- Sire: Giant's Causeway
- Grandsire: Storm Cat
- Dam: Glasgow's Gold
- Damsire: Seeking The Gold
- Sex: Colt
- Foaled: 2004
- Country: United States
- Colour: Chestnut
- Breeder: Richard Nip
- Owner: Mark H. Stanley
- Trainer: Dale L. Romans
- Record: 30: 6-4-3 (to date)
- Earnings: $1,033,346(to date)

Major wins
- Gardenia Handicap (2008) Delaware Handicap (2009) Ruffian Handicap (2009)

= Swift Temper =

American-bred Thoroughbred racehorse

Swift Temper (foaled 2004 in Kentucky) is an American Thoroughbred racehorse. Bred by Richard Nip, she was out of the winning mare Glasgow's Gold, a daughter of Seeking the Gold. A son of Mr Prospector, she was sired by Giant's Causeway, the 2000 European Horse of the Year and son of Storm Cat.

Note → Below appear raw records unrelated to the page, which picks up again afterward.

lemma abs_alpha_minus_one_le:
  assumes k: "k0 \<le> k"
  shows "\<bar>alpha k - 1\<bar> \<le> dennis_more k / lm"
proof -
  define r where "r = gk k + vec_restrict supp (G *v dk k)"
  have curv: "(norm (A *v dk k))^2 = dk k \<bullet> vec_restrict supp (G *v dk k)"
    by (metis dk_supported [OF k] inner_normal_matrix inner_vec_restrict_left power2_norm_eq_inner)
  then have "alpha k - 1 = - (dk k \<bullet> r) / (norm (A *v dk k))^2"
    using norm_A_dk_pos [OF k]
    by (simp add: alpha_eq [OF k] r_def inner_add_right inner_commute field_simps)
  then have "\<bar>alpha k - 1\<bar> = \<bar>dk k \<bullet> r\<bar> / (norm (A *v dk k))^2"
    by simp
  also have "\<dots> \<le> (dennis_more k * (norm (dk k))^2) / (lm * (norm (dk k))^2)"
  proof (rule frac_le)
    have "\<bar>dk k \<bullet> r\<bar> \<le> norm (dk k) * norm r"
      by (rule Cauchy_Schwarz_ineq2)
    also have "\<dots> = dennis_more k * (norm (dk k))^2"
      using norm_dk_pos [OF k] by (simp add: dennis_more_def r_def power2_eq_square)
    finally show "\<bar>dk k \<bullet> r\<bar> \<le> dennis_more k * (norm (dk k))^2" .
    show "lm * (norm (dk k))^2 \<le> (norm (A *v dk k))^2"
      by (rule lm_le [OF dk_supported [OF k]])
  qed (use lm_pos norm_dk_pos [OF k] in \<open>simp_all add: dennis_more_def\<close>)
  also have "\<dots> = dennis_more k / lm"
    using norm_dk_pos [OF k] by simp
  finally show ?thesis .
qed

lemma norm_y_Suc_sub_xs_le:
  assumes k: "k0 \<le> k"
  shows "norm (y (Suc k) - xs) \<le> 2 * dennis_more k / lm * norm (dk k)"
proof -
  have "y (Suc k) - xs = (x k - xs + dk k) + (alpha k - 1) *\<^sub>R dk k"
    by (simp add: y_Suc_eq [OF k] algebra_simps)
  then have "norm (y (Suc k) - xs) \<le> norm (x k - xs + dk k) + \<bar>alpha k - 1\<bar> * norm (dk k)"
    by (metis norm_scaleR norm_triangle_ineq)
  also have "\<dots> \<le> dennis_more k * norm (dk k) / lm + dennis_more k / lm * norm (dk k)"
    using norm_x_sub_xs_add_dk_le [OF k] abs_alpha_minus_one_le [OF k] lm_pos
    by (intro add_mono mult_right_mono) (simp_all add: field_simps)
  finally show ?thesis
    by (simp add: field_simps)
qed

Swift Temper is owned by Mark H. Stanley and trained by Dale Romans. The Chestnut mare made a surge on the racing environment when she won the Delaware Handicap over Icon Project. After coming off of a well beaten second in the grade one Personal Ensign Stakes, just 13 days after she won the Ruffian Handicap. Made 3:5 betting favorite in the Spinster Stakes at keenland, she was beaten by longshot Muska.